Here the requirement is to repeat every record exactly, in full.

= DATA TO EXAMINE =
# # # # # # #
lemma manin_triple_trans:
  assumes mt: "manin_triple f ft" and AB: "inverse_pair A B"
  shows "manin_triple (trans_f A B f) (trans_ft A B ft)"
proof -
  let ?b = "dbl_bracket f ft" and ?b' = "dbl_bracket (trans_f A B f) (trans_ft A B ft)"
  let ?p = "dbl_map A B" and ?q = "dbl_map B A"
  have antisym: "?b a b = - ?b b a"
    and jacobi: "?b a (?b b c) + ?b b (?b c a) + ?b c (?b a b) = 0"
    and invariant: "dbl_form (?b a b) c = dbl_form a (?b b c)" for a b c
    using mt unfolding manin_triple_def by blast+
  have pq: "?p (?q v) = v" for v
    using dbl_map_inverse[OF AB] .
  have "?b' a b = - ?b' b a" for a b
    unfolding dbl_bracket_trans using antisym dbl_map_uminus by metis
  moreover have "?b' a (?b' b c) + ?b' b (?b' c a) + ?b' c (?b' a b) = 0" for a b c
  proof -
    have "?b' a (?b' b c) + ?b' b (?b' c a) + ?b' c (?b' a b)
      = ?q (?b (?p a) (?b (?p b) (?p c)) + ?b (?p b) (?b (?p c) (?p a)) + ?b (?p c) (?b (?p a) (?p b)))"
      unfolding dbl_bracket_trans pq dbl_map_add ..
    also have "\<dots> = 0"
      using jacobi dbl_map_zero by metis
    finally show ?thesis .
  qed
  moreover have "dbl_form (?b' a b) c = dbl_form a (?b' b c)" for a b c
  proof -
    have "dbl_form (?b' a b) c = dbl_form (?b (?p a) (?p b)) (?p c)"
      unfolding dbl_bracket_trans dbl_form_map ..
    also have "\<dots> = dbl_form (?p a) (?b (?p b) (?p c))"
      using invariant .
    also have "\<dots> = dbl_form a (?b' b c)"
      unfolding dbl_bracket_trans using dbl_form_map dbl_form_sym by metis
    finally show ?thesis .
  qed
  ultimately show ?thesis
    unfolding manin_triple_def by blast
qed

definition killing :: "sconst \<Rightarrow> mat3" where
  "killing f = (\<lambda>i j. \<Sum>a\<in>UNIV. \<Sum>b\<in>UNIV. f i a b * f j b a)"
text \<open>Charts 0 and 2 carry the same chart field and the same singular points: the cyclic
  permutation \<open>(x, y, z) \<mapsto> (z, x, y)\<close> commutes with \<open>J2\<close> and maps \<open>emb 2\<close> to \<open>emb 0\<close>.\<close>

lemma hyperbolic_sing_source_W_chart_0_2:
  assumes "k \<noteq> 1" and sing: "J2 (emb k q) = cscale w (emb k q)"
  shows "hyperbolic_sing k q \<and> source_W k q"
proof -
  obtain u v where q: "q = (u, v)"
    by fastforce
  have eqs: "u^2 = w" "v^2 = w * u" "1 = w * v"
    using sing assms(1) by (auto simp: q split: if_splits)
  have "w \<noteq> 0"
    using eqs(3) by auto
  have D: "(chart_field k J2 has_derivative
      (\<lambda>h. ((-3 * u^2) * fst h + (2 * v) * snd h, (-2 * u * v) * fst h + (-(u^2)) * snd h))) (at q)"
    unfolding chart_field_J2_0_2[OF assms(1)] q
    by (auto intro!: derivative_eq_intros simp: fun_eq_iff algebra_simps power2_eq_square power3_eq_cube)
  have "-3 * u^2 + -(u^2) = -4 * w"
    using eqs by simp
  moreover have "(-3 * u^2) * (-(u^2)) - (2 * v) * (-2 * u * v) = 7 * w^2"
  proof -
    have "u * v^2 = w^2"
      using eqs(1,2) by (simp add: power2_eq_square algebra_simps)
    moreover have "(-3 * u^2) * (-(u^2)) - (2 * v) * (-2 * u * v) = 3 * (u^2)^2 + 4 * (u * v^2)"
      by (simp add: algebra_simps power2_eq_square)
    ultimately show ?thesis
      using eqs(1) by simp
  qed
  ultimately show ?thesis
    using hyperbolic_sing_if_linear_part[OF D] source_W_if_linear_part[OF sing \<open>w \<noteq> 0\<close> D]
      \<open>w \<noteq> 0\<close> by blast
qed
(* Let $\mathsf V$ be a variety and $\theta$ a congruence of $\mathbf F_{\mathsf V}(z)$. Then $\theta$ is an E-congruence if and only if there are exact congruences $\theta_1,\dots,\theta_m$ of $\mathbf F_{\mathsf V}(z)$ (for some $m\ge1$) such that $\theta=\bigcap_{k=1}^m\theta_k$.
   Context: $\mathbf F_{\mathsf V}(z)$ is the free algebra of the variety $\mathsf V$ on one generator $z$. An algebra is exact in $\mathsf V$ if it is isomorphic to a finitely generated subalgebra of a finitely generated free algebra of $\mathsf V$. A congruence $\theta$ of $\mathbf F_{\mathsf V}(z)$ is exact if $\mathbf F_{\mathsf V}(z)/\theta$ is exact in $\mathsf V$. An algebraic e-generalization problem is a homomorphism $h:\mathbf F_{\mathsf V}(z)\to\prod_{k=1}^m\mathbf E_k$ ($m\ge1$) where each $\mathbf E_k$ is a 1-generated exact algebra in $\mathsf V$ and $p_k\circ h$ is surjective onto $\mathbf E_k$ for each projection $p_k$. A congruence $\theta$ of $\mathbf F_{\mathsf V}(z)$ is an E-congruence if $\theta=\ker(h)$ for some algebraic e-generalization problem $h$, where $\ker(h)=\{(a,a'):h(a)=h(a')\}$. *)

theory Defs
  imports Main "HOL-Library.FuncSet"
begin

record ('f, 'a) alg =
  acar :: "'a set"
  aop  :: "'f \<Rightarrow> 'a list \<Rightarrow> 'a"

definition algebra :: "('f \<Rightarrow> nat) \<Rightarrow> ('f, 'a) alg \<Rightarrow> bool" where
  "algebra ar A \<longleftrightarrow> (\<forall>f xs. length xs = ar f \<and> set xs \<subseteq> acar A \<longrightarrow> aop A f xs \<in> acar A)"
# # # # # # #
= ANSWER SPACE =
lemma manin_triple_trans:
  assumes mt: "manin_triple f ft" and AB: "inverse_pair A B"
  shows "manin_triple (trans_f A B f) (trans_ft A B ft)"
proof -
  let ?b = "dbl_bracket f ft" and ?b' = "dbl_bracket (trans_f A B f) (trans_ft A B ft)"
  let ?p = "dbl_map A B" and ?q = "dbl_map B A"
  have antisym: "?b a b = - ?b b a"
    and jacobi: "?b a (?b b c) + ?b b (?b c a) + ?b c (?b a b) = 0"
    and invariant: "dbl_form (?b a b) c = dbl_form a (?b b c)" for a b c
    using mt unfolding manin_triple_def by blast+
  have pq: "?p (?q v) = v" for v
    using dbl_map_inverse[OF AB] .
  have "?b' a b = - ?b' b a" for a b
    unfolding dbl_bracket_trans using antisym dbl_map_uminus by metis
  moreover have "?b' a (?b' b c) + ?b' b (?b' c a) + ?b' c (?b' a b) = 0" for a b c
  proof -
    have "?b' a (?b' b c) + ?b' b (?b' c a) + ?b' c (?b' a b)
      = ?q (?b (?p a) (?b (?p b) (?p c)) + ?b (?p b) (?b (?p c) (?p a)) + ?b (?p c) (?b (?p a) (?p b)))"
      unfolding dbl_bracket_trans pq dbl_map_add ..
    also have "\<dots> = 0"
      using jacobi dbl_map_zero by metis
    finally show ?thesis .
  qed
  moreover have "dbl_form (?b' a b) c = dbl_form a (?b' b c)" for a b c
  proof -
    have "dbl_form (?b' a b) c = dbl_form (?b (?p a) (?p b)) (?p c)"
      unfolding dbl_bracket_trans dbl_form_map ..
    also have "\<dots> = dbl_form (?p a) (?b (?p b) (?p c))"
      using invariant .
    also have "\<dots> = dbl_form a (?b' b c)"
      unfolding dbl_bracket_trans using dbl_form_map dbl_form_sym by metis
    finally show ?thesis .
  qed
  ultimately show ?thesis
    unfolding manin_triple_def by blast
qed

definition killing :: "sconst \<Rightarrow> mat3" where
  "killing f = (\<lambda>i j. \<Sum>a\<in>UNIV. \<Sum>b\<in>UNIV. f i a b * f j b a)"
text \<open>Charts 0 and 2 carry the same chart field and the same singular points: the cyclic
  permutation \<open>(x, y, z) \<mapsto> (z, x, y)\<close> commutes with \<open>J2\<close> and maps \<open>emb 2\<close> to \<open>emb 0\<close>.\<close>

lemma hyperbolic_sing_source_W_chart_0_2:
  assumes "k \<noteq> 1" and sing: "J2 (emb k q) = cscale w (emb k q)"
  shows "hyperbolic_sing k q \<and> source_W k q"
proof -
  obtain u v where q: "q = (u, v)"
    by fastforce
  have eqs: "u^2 = w" "v^2 = w * u" "1 = w * v"
    using sing assms(1) by (auto simp: q split: if_splits)
  have "w \<noteq> 0"
    using eqs(3) by auto
  have D: "(chart_field k J2 has_derivative
      (\<lambda>h. ((-3 * u^2) * fst h + (2 * v) * snd h, (-2 * u * v) * fst h + (-(u^2)) * snd h))) (at q)"
    unfolding chart_field_J2_0_2[OF assms(1)] q
    by (auto intro!: derivative_eq_intros simp: fun_eq_iff algebra_simps power2_eq_square power3_eq_cube)
  have "-3 * u^2 + -(u^2) = -4 * w"
    using eqs by simp
  moreover have "(-3 * u^2) * (-(u^2)) - (2 * v) * (-2 * u * v) = 7 * w^2"
  proof -
    have "u * v^2 = w^2"
      using eqs(1,2) by (simp add: power2_eq_square algebra_simps)
    moreover have "(-3 * u^2) * (-(u^2)) - (2 * v) * (-2 * u * v) = 3 * (u^2)^2 + 4 * (u * v^2)"
      by (simp add: algebra_simps power2_eq_square)
    ultimately show ?thesis
      using eqs(1) by simp
  qed
  ultimately show ?thesis
    using hyperbolic_sing_if_linear_part[OF D] source_W_if_linear_part[OF sing \<open>w \<noteq> 0\<close> D]
      \<open>w \<noteq> 0\<close> by blast
qed
(* Let $\mathsf V$ be a variety and $\theta$ a congruence of $\mathbf F_{\mathsf V}(z)$. Then $\theta$ is an E-congruence if and only if there are exact congruences $\theta_1,\dots,\theta_m$ of $\mathbf F_{\mathsf V}(z)$ (for some $m\ge1$) such that $\theta=\bigcap_{k=1}^m\theta_k$.
   Context: $\mathbf F_{\mathsf V}(z)$ is the free algebra of the variety $\mathsf V$ on one generator $z$. An algebra is exact in $\mathsf V$ if it is isomorphic to a finitely generated subalgebra of a finitely generated free algebra of $\mathsf V$. A congruence $\theta$ of $\mathbf F_{\mathsf V}(z)$ is exact if $\mathbf F_{\mathsf V}(z)/\theta$ is exact in $\mathsf V$. An algebraic e-generalization problem is a homomorphism $h:\mathbf F_{\mathsf V}(z)\to\prod_{k=1}^m\mathbf E_k$ ($m\ge1$) where each $\mathbf E_k$ is a 1-generated exact algebra in $\mathsf V$ and $p_k\circ h$ is surjective onto $\mathbf E_k$ for each projection $p_k$. A congruence $\theta$ of $\mathbf F_{\mathsf V}(z)$ is an E-congruence if $\theta=\ker(h)$ for some algebraic e-generalization problem $h$, where $\ker(h)=\{(a,a'):h(a)=h(a')\}$. *)

theory Defs
  imports Main "HOL-Library.FuncSet"
begin

record ('f, 'a) alg =
  acar :: "'a set"
  aop  :: "'f \<Rightarrow> 'a list \<Rightarrow> 'a"

definition algebra :: "('f \<Rightarrow> nat) \<Rightarrow> ('f, 'a) alg \<Rightarrow> bool" where
  "algebra ar A \<longleftrightarrow> (\<forall>f xs. length xs = ar f \<and> set xs \<subseteq> acar A \<longrightarrow> aop A f xs \<in> acar A)"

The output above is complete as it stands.